[Saved entries]
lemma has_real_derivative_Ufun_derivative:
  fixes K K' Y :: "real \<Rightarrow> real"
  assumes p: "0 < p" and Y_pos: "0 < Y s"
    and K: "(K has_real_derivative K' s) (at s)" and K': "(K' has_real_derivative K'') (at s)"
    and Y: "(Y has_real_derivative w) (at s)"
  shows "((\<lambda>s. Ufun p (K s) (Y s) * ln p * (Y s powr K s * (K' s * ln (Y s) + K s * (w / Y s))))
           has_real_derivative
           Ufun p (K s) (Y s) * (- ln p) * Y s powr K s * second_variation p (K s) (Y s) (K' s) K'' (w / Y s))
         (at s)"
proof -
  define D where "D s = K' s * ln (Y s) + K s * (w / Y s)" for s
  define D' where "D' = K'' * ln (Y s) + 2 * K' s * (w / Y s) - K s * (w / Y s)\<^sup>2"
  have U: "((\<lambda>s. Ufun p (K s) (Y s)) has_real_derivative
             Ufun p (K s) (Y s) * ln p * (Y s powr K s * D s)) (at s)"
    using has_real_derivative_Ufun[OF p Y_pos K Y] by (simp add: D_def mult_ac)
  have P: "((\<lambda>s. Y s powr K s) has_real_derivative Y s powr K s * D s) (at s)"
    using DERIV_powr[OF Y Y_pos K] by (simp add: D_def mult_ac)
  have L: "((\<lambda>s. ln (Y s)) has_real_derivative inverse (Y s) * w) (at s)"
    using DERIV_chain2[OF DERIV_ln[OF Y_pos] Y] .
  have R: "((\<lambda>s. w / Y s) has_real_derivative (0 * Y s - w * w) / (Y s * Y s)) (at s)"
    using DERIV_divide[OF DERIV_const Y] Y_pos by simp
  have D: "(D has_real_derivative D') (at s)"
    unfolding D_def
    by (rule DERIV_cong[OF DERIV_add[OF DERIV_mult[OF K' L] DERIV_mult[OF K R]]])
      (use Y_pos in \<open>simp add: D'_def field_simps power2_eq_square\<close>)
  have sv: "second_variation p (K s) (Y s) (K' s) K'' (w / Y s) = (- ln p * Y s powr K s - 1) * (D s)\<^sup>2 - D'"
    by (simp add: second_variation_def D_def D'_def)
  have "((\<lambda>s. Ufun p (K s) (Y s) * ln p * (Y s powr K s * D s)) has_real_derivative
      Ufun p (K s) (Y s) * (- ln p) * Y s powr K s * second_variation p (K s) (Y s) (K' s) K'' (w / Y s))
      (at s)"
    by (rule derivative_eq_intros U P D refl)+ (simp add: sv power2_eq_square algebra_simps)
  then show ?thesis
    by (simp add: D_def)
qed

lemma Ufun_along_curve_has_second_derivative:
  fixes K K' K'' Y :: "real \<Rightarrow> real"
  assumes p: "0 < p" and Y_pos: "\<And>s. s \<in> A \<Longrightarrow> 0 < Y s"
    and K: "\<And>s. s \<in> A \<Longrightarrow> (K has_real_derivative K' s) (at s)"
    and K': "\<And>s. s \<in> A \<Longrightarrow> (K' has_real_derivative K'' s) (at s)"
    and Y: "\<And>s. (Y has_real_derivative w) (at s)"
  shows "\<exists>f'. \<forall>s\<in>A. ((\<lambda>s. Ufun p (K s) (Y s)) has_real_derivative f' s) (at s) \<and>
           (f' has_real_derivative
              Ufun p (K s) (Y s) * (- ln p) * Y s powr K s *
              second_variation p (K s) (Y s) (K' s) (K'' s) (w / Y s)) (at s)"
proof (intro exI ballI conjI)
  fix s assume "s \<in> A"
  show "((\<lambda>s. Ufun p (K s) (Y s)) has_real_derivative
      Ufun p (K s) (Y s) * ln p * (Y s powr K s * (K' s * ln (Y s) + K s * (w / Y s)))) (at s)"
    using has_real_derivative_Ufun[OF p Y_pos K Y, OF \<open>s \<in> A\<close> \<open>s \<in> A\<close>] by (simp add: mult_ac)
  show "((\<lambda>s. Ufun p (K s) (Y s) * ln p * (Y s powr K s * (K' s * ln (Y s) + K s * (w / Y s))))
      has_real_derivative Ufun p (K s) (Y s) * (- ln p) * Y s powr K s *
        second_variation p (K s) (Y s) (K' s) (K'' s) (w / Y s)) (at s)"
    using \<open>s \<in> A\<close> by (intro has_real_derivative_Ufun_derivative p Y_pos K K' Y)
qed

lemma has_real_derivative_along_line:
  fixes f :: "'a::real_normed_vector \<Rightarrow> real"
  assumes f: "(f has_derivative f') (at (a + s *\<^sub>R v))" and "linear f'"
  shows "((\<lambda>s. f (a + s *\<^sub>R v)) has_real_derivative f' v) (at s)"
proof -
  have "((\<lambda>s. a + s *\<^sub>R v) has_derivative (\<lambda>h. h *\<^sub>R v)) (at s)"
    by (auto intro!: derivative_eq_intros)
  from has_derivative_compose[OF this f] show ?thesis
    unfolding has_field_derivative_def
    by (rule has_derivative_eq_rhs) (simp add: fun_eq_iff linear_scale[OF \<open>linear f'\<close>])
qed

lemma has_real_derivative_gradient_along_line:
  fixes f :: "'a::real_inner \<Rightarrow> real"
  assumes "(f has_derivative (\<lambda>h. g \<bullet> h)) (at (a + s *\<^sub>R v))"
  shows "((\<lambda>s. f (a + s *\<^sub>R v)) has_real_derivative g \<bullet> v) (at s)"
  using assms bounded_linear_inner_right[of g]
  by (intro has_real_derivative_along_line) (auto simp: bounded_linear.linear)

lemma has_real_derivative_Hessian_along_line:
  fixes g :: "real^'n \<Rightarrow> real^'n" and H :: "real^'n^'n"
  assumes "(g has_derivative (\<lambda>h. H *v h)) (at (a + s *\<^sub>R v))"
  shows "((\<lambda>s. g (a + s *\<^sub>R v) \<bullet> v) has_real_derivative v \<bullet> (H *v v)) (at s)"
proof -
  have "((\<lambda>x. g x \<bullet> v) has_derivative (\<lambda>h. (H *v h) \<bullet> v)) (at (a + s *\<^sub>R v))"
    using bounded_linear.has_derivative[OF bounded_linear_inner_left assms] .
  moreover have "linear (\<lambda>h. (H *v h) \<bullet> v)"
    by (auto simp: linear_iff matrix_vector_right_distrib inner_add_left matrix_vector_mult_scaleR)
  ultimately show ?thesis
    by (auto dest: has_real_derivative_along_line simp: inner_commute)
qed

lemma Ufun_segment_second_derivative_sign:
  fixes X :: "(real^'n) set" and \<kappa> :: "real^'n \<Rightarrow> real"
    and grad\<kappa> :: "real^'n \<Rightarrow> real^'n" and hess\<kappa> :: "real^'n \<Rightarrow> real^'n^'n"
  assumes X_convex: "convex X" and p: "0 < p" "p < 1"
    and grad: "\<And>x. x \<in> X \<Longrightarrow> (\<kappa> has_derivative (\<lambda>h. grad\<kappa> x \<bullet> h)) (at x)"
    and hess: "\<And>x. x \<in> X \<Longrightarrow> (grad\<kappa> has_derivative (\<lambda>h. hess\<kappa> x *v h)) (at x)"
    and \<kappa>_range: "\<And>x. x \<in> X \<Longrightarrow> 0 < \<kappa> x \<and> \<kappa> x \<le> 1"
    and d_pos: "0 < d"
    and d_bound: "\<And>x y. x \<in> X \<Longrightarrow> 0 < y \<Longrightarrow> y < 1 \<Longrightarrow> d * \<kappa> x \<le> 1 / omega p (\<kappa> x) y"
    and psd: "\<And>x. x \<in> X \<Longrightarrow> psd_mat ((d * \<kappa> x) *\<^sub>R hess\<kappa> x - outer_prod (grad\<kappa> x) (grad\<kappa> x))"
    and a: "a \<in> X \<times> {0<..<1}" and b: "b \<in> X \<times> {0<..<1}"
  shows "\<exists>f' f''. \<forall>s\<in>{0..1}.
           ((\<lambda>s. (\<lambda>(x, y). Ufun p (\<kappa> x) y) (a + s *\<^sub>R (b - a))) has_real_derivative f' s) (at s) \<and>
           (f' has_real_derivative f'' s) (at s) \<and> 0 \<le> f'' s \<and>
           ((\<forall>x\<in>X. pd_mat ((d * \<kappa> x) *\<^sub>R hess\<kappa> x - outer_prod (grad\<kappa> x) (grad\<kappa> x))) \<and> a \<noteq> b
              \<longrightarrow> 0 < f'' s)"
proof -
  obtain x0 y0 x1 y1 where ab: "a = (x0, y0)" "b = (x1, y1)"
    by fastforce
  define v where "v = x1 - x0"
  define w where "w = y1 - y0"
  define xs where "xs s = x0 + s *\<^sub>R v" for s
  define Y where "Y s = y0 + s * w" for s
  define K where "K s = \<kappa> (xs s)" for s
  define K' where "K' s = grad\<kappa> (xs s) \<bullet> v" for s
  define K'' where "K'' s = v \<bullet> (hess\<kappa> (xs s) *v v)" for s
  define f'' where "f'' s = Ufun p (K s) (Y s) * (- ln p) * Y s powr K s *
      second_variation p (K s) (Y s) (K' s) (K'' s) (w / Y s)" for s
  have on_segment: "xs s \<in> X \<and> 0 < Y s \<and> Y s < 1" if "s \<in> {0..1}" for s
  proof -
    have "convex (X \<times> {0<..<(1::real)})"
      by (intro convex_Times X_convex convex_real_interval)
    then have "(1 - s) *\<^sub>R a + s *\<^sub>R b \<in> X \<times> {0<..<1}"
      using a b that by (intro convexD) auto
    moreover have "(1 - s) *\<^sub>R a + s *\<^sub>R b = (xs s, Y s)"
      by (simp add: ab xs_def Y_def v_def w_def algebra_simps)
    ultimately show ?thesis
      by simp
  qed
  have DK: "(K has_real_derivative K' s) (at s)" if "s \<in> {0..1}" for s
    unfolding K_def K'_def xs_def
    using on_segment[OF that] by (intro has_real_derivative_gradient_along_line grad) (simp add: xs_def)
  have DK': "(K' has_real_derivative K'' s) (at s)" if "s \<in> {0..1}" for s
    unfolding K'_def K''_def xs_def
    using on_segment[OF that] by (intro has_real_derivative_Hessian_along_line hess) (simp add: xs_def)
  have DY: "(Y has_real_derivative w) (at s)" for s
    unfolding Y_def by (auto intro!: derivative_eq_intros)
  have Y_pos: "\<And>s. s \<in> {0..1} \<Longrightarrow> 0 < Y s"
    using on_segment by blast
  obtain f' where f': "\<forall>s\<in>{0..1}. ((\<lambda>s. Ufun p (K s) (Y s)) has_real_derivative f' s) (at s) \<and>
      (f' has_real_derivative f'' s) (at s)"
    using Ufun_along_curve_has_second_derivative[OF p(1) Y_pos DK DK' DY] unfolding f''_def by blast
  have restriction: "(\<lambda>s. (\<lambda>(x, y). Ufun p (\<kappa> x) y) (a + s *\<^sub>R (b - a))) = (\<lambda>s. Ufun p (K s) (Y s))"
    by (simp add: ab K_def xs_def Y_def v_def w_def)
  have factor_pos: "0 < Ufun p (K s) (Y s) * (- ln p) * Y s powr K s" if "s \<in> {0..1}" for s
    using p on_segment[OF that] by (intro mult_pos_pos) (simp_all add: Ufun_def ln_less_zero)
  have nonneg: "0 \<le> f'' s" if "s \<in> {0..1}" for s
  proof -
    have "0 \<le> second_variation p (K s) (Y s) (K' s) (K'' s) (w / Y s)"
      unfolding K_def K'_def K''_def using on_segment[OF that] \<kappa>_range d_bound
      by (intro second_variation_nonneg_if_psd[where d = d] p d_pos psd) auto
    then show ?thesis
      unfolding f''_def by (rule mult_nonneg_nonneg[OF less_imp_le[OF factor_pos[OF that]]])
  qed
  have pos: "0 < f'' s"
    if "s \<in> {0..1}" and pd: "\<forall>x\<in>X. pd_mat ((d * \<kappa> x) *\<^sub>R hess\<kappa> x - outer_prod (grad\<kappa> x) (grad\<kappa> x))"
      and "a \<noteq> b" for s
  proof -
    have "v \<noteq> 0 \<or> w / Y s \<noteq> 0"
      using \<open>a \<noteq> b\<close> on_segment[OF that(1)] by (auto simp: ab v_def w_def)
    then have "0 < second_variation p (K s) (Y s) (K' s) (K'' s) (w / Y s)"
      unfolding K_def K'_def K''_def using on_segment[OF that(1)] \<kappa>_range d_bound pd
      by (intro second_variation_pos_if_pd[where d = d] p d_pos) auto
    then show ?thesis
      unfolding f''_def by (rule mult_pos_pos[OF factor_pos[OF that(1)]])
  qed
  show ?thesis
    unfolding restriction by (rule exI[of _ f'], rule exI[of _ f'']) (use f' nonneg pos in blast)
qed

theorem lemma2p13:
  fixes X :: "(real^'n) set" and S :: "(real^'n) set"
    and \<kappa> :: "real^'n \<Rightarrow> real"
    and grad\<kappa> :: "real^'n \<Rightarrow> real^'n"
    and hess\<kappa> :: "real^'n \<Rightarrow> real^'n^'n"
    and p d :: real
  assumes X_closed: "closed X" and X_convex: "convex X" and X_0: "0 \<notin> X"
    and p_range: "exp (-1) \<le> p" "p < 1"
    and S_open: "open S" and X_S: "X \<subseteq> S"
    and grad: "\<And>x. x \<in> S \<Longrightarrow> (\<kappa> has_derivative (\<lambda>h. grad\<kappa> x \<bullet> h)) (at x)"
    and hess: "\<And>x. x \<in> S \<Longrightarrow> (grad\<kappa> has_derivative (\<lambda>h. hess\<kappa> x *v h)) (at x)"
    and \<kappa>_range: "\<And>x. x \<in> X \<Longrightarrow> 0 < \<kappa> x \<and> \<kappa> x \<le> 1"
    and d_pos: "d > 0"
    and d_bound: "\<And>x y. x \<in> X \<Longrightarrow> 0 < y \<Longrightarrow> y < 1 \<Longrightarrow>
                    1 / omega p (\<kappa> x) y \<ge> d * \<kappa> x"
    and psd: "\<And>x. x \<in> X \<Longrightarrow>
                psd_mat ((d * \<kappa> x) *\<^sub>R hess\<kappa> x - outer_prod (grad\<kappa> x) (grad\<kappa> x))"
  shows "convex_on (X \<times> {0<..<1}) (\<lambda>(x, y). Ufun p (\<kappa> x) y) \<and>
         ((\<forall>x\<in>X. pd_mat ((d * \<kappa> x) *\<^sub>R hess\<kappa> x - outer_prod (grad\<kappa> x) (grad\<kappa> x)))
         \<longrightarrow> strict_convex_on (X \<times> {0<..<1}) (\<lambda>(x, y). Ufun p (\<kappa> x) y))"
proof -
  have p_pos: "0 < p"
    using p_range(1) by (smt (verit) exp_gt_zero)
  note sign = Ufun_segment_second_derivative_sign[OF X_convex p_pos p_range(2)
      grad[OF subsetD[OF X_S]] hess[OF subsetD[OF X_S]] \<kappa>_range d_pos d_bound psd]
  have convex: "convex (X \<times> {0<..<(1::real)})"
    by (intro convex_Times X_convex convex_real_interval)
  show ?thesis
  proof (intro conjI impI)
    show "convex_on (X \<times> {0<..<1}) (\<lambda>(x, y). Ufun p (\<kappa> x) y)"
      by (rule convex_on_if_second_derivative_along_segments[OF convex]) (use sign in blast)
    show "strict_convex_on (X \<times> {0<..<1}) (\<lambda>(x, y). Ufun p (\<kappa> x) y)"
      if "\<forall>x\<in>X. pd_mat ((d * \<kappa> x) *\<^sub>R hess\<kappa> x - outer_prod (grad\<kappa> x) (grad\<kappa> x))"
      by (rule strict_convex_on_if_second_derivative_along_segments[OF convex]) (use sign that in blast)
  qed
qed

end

▸ **TASK**: Which lines of the entries contain "exists"? Count them and write only the number.

▸ **WRITTEN SOLUTION**: 2